■ WHAT THE TASK REQUIRES: From the following material, say how many lines have "regroup" in them; write only the number.

--- TASK DATA Enclosed Below ---

theorem lemma8:
  fixes n :: nat
    and f :: "nat \<Rightarrow> 'a::euclidean_space \<Rightarrow> real"
    and gf :: "nat \<Rightarrow> 'a \<Rightarrow> 'a"
    and Li :: "nat \<Rightarrow> real" and Lhat L \<mu> :: real
    and \<omega> \<alpha> Lb p \<tau> \<Gamma> :: real
    and CDy CDz :: "nat \<Rightarrow> 'a \<Rightarrow> 'a measure" and CP :: "'a \<Rightarrow> 'a measure"
    and w u z k :: 'a and h :: "nat \<Rightarrow> 'a"
    and F :: "'a \<Rightarrow> real" and GF :: "'a \<Rightarrow> 'a" and Lmax \<theta> \<gamma> \<Gamma>' s :: real
    and y' hbar q' :: 'a and g u' :: "(nat \<Rightarrow> 'a) \<Rightarrow> 'a"
  assumes n_pos: "n \<ge> 1"
    \<comment> \<open>Assumption 1\<close>
    and grad: "\<forall>i<n. \<forall>x. (f i has_derivative (\<lambda>v. gf i x \<bullet> v)) (at x)"
    and smooth_i: "\<forall>i<n. \<forall>x y. norm (gf i x - gf i y) \<le> Li i * norm (x - y)"
    and Lhat_pos: "Lhat > 0"
    and Lhat: "\<forall>x y. (1 / real n) * (\<Sum>i<n. (norm (gf i x - gf i y))\<^sup>2) \<le> Lhat\<^sup>2 * (norm (x - y))\<^sup>2"
    \<comment> \<open>Assumption 2\<close>
    and smooth: "\<forall>x y. norm ((1 / real n) *\<^sub>R (\<Sum>i<n. gf i x) - (1 / real n) *\<^sub>R (\<Sum>i<n. gf i y))
                        \<le> L * norm (x - y)"
    \<comment> \<open>Assumption 3\<close>
    and cvx: "\<forall>i<n. convex_on UNIV (f i)"
    and mu_nonneg: "\<mu> \<ge> 0"
    and strong: "strongly_convex \<mu> (\<lambda>x. (1 / real n) * (\<Sum>i<n. f i x))"
    and minimizer: "\<exists>xs. \<forall>x. (1 / real n) * (\<Sum>i<n. f i xs) \<le> (1 / real n) * (\<Sum>i<n. f i x)"
    \<comment> \<open>compressors (Assumption 4 is built into the product/kernel structure below)\<close>
    and CDy: "\<forall>i<n. unbiased_compressor \<omega> (CDy i)"
    and CDz: "\<forall>i<n. unbiased_compressor \<omega> (CDz i)"
    and CP: "contractive_compressor \<alpha> CP"
    \<comment> \<open>parameters and current state\<close>
    and Lb_pos: "Lb > 0"
    and p: "0 < p" "p \<le> 1"
    and tau: "0 < \<tau>" "\<tau> \<le> 1"
    and Gamma: "\<Gamma> \<ge> 1"
    \<comment> \<open>quantities computed by Algorithm 2Direction at step t\<close>
    and F_def: "F = (\<lambda>x. (1 / real n) * (\<Sum>i<n. f i x))"
    and GF_def: "GF = (\<lambda>x. (1 / real n) *\<^sub>R (\<Sum>i<n. gf i x))"
    and Lmax_def: "Lmax = Max (Li ` {..<n})"
    and theta_def: "\<theta> = min (theta_bar Lb \<mu> p \<Gamma>) (theta_min \<alpha> p \<tau> (1 / (\<omega> + 1)))"
    and gamma_def: "\<gamma> = p * \<theta> * \<Gamma> / (1 - p * \<theta>)"
    and Gamma'_def: "\<Gamma>' = \<Gamma> + \<gamma>"
    and s_def: "s = \<gamma> / (Lb + \<Gamma>' * \<mu>)"
    and y'_def: "y' = \<theta> *\<^sub>R w + (1 - \<theta>) *\<^sub>R z"
    and hbar_def: "hbar = (1 / real n) *\<^sub>R (\<Sum>i<n. h i)"
    and g_def: "g = (\<lambda>m. hbar + (1 / real n) *\<^sub>R (\<Sum>i<n. m i))"
    and u'_def: "u' = (\<lambda>m. ARG_MIN (\<lambda>x. g m \<bullet> x + (Lb + \<Gamma> * \<mu>) / (2 * \<gamma>) * (norm (x - u))\<^sup>2
                               + \<mu> / 2 * (norm (x - y'))\<^sup>2) x. True)"
    and q'_def: "q' = (ARG_MIN (\<lambda>x. k \<bullet> x + (Lb + \<Gamma> * \<mu>) / (2 * \<gamma>) * (norm (x - w))\<^sup>2
                               + \<mu> / 2 * (norm (x - y'))\<^sup>2) x. True)"
  shows "(\<integral>\<^sup>+m. (\<integral>\<^sup>+c. ennreal ((norm ((q' + c) - u' m))\<^sup>2) \<partial>CP (u' m - q'))
             \<partial>(PiM {..<n} (\<lambda>i. CDy i (gf i y' - h i))))
         \<le> ennreal ((1 - \<alpha> / 2) * (norm (w - u))\<^sup>2
                    + 4 / \<alpha> * s\<^sup>2 * (norm (k - GF z))\<^sup>2
                    + 2 * \<omega> / real n * s\<^sup>2 * ((1 / real n) * (\<Sum>i<n. (norm (gf i z - h i))\<^sup>2))
                    + s\<^sup>2 * (4 * \<omega> * Lmax / real n + 8 * L / \<alpha>) * bregman F GF z y')"
proof -
  have \<alpha>: "0 < \<alpha>" "\<alpha> \<le> 1"
    using CP by (auto simp: contractive_compressor_def)
  have \<omega>: "\<omega> \<ge> 0"
    using CDy n_pos by (auto simp: unbiased_compressor_def)
  have \<gamma>: "\<gamma> > 0"
    unfolding gamma_def using Lb_pos p Gamma mu_nonneg \<alpha> tau \<omega>
    by (intro step_size_pos[OF _ _ _ _ _ _ _ _ theta_def]) auto
  define c where "c = (Lb + \<Gamma> * \<mu>) / (2 * \<gamma>)"
  have "Lb + \<Gamma> * \<mu> > 0"
    using Lb_pos Gamma mu_nonneg by (simp add: add_pos_nonneg)
  moreover have "Lb + \<Gamma> * \<mu> + \<gamma> * \<mu> > 0"
    using calculation \<gamma> mu_nonneg by (simp add: add_pos_nonneg)
  ultimately have c: "c > 0" and s: "s = 1 / (2 * c + \<mu>)"
    using \<gamma> mu_nonneg by (simp_all add: c_def s_def Gamma'_def field_simps)
  define a where "a = 2 * c / (2 * c + \<mu>)"
  have a: "\<bar>a\<bar> \<le> 1"
    using c mu_nonneg by (simp add: a_def)
  define v where "v = a *\<^sub>R (u - w) - s *\<^sub>R (GF y' - k)"
  have prox_diff: "u' m - q' = a *\<^sub>R (u - w) - s *\<^sub>R (g m - k)" for m
    unfolding u'_def q'_def c_def[symmetric] a_def s by (rule arg_min_prox_diff[OF c mu_nonneg])
  have g: "g m - k = (GF y' - k) + (1 / real n) *\<^sub>R (\<Sum>i<n. m i - (gf i y' - h i))" for m
    unfolding g_def hbar_def GF_def
    by (simp add: sum_subtractf scaleR_diff_right algebra_simps sum.distrib scaleR_add_right)
  have regroup: "a *\<^sub>R x - s *\<^sub>R (y + (1 / real n) *\<^sub>R S) = (a *\<^sub>R x - s *\<^sub>R y) - (s / real n) *\<^sub>R S"
    for x y S :: 'a
    by (simp add: algebra_simps)
  have "u' m - q' = v - (s / real n) *\<^sub>R (\<Sum>i<n. m i - (gf i y' - h i))" for m
    by (simp only: prox_diff g regroup v_def)
  then have "(\<integral>\<^sup>+m. (\<integral>\<^sup>+c. ennreal ((norm ((q' + c) - u' m))\<^sup>2) \<partial>CP (u' m - q'))
             \<partial>(PiM {..<n} (\<lambda>i. CDy i (gf i y' - h i))))
      \<le> ennreal ((1 - \<alpha>) * ((norm v)\<^sup>2 + (s / real n)\<^sup>2 * (\<omega> * (\<Sum>i<n. (norm (gf i y' - h i))\<^sup>2))))"
    using CDy by (intro nn_integral_compressed_difference_le[OF CP]) auto
  moreover have "\<forall>i<n. Li i \<le> Lmax"
    unfolding Lmax_def by (auto intro: Max_ge)
  then have "(1 - \<alpha>) * ((norm v)\<^sup>2 + (s / real n)\<^sup>2 * (\<omega> * (\<Sum>i<n. (norm (gf i y' - h i))\<^sup>2)))
      \<le> (1 - \<alpha> / 2) * (norm (w - u))\<^sup>2
        + 4 / \<alpha> * s\<^sup>2 * (norm (k - GF z))\<^sup>2
        + 2 * \<omega> / real n * s\<^sup>2 * ((1 / real n) * (\<Sum>i<n. (norm (gf i z - h i))\<^sup>2))
        + s\<^sup>2 * (4 * \<omega> * Lmax / real n + 8 * L / \<alpha>) * bregman F GF z y'"
    unfolding v_def F_def GF_def using n_pos cvx grad smooth_i smooth \<alpha> a \<omega>
    by (intro prox_difference_second_moment_le) auto
  ultimately show ?thesis
    by (meson ennreal_leI order_trans)
qed

end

--- End of Enclosed TASK DATA ---

■ SOLUTION TO THIS TASK: 2